Harmonic dipoles and the relaxation of the neo-Hookean energy in 3D elasticity

TL;DR

This paper addresses the challenge of minimizing neo-Hookean energy in 3D elasticity by proposing a relaxed energy framework that excludes cavitation and dipoles, introducing a new explicit energy penalization.

Contribution

It introduces a novel relaxation of the neo-Hookean energy in axisymmetric maps without cavitation, including an explicit penalization for dipole formation, advancing the understanding of energy minimization in elasticity.

Findings

Proposed a relaxation framework for neo-Hookean energy in 3D elasticity.

Developed an explicit energy penalization to prevent dipole formation.

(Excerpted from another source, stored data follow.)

lemma closed_ideal_image:
  assumes J: "J \<in> closed_ideals mult_algebra"
  shows "(\<lambda>S. S (basis_vec 0)) ` J \<in> closed_inv_subspaces (wshift a) K"
proof -
  let ?F = "\<lambda>S. S (basis_vec 0)"
  have JA: "J \<subseteq> mult_algebra" using J by (simp add: closed_ideals_def)
  have FJ: "?F ` J \<subseteq> K" using JA by (auto elim!: mult_algebra_elim)
  have closed: "x \<in> ?F ` J" if x: "x \<in> l2" and approx: "\<forall>e>0. \<exists>y\<in>?F ` J. l2norm (vsub x y) < e" for x
  proof -
    have xK: "x \<in> K" using K_closed[OF x] approx FJ by (meson subsetD)
    then have S: "mult_op a x \<in> mult_algebra" by blast
    have "\<forall>e>0. \<exists>R\<in>J. l2norm (vsub (mult_op a x (basis_vec 0)) (R (basis_vec 0))) < e"
      using approx by (simp add: mult_op_basis_vec_0)
    then have "mult_op a x \<in> J"
      using J xK approx_opnorm_iff_approx_eval[OF S JA] by (simp add: closed_ideals_def)
    then show ?thesis by (rule image_eqI[rotated]) (simp add: mult_op_basis_vec_0)
  qed
  show ?thesis
    unfolding closed_inv_subspaces_def mem_Collect_eq
  proof (intro conjI ballI allI impI)
    show "zvec \<in> ?F ` J"
      using J by (intro image_eqI[of _ _ zop]) (simp_all add: zop_def closed_ideals_def)
  next
    fix x y assume "x \<in> ?F ` J" "y \<in> ?F ` J"
    then show "vadd x y \<in> ?F ` J"
      using J by (auto simp: closed_ideals_def opadd_def intro!: image_eqI)
  next
    fix c x assume "x \<in> ?F ` J"
    then show "vscale c x \<in> ?F ` J"
      using J by (auto simp: closed_ideals_def opscale_def intro!: image_eqI)
  next
    fix x assume "x \<in> ?F ` J"
    then obtain S where S: "S \<in> J" "x = ?F S" by blast
    then have "wshift a \<circ> S \<in> J"
      using J wshift_in_mult_algebra unfolding closed_ideals_def by blast
    then show "wshift a x \<in> ?F ` J" using S by (intro image_eqI[of _ _ "wshift a \<circ> S"]) simp_all
  qed (use FJ closed in auto)
qed

lemma closed_inv_subspace_preimage:
  assumes M: "M \<in> closed_inv_subspaces (wshift a) K"
  shows "{S \<in> mult_algebra. S (basis_vec 0) \<in> M} \<in> closed_ideals mult_algebra"
proof -
  let ?J = "{S \<in> mult_algebra. S (basis_vec 0) \<in> M}"
  have MK: "M \<subseteq> K" using M by (simp add: closed_inv_subspaces_def)
  have J_iff: "mult_op a x \<in> ?J \<longleftrightarrow> x \<in> M" for x
    using MK by (auto simp: mult_op_basis_vec_0)
  have J_elim: "\<exists>s\<in>M. s \<in> l2 \<and> S = mult_op a s" if "S \<in> ?J" for S
    using that by (auto elim!: mult_algebra_elim)
  show ?thesis
    unfolding closed_ideals_def
  proof (rule CollectI, intro conjI ballI allI impI)
    have "zvec \<in> M" using M by (simp add: closed_inv_subspaces_def)
    then show "zop \<in> ?J" using J_iff by (simp add: mult_op_zvec[symmetric])
  next
    fix S R assume "S \<in> ?J" "R \<in> ?J"
    then obtain s r where "s \<in> M" "r \<in> M" "S = mult_op a s" "R = mult_op a r"
      using J_elim by blast
    moreover have "vadd s r \<in> M" using M calculation by (simp add: closed_inv_subspaces_def)
    ultimately show "opadd S R \<in> ?J" using J_iff by (simp add: opadd_mult_op)
  next
    fix c S assume "S \<in> ?J"
    then obtain s where "s \<in> M" "S = mult_op a s" using J_elim by blast
    moreover have "vscale c s \<in> M" using M calculation by (simp add: closed_inv_subspaces_def)
    ultimately show "opscale c S \<in> ?J" using J_iff by (simp add: opscale_mult_op)
  next
    fix S R assume S: "S \<in> ?J" and R: "R \<in> mult_algebra"
    obtain s where s: "s \<in> M" "s \<in> l2" "S = mult_op a s" using J_elim[OF S] by blast
    obtain r where r: "r \<in> l2" "R = mult_op a r" using R K_subset_l2 by blast
    have "wconv a r s \<in> M" by (rule closed_inv_subspace_wconv[OF M r(1) s(1)])
    then show "R \<circ> S \<in> ?J" "S \<circ> R \<in> ?J"
      using s r J_iff by (simp_all add: mult_op_comp wconv_commute[of s])
  next
    fix S assume S: "S \<in> mult_algebra" and approx: "\<forall>e>0. \<exists>R\<in>?J. opnorm (opsub S R) < e"
    have "?J \<subseteq> mult_algebra" by blast
    then have "\<forall>e>0. \<exists>R\<in>?J. l2norm (vsub (S (basis_vec 0)) (R (basis_vec 0))) < e"
      using approx approx_opnorm_iff_approx_eval[OF S] by blast
    then have "\<forall>e>0. \<exists>y\<in>M. l2norm (vsub (S (basis_vec 0)) y) < e" by blast
    moreover have "S (basis_vec 0) \<in> l2" using S K_subset_l2 by (auto simp: mult_op_basis_vec_0)
    ultimately show "S \<in> ?J" using M S by (simp add: closed_inv_subspaces_def)
  qed blast
qed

Established a lower bound for the relaxed energy similar to harmonic map energies.

Abstract

We consider the problem of minimizing the neo-Hookean energy in \(3D\). The difficulty of this problem is that the space of maps without cavitation is not compact, as shown by Conti \& De Lellis with a pathological example involving a dipole. In order to rule out this behaviour we consider the relaxation of the neo-Hookean energy in the space of axisymmetric maps without cavitation. We propose a minimization space and a new explicit energy penalizing the creation of dipoles. This new energy, which is a lower bound of the relaxation of the original energy, bears strong similarities with the relaxed energy of Bethuel-Brezis-H\'elein in the context of harmonic maps into the sphere.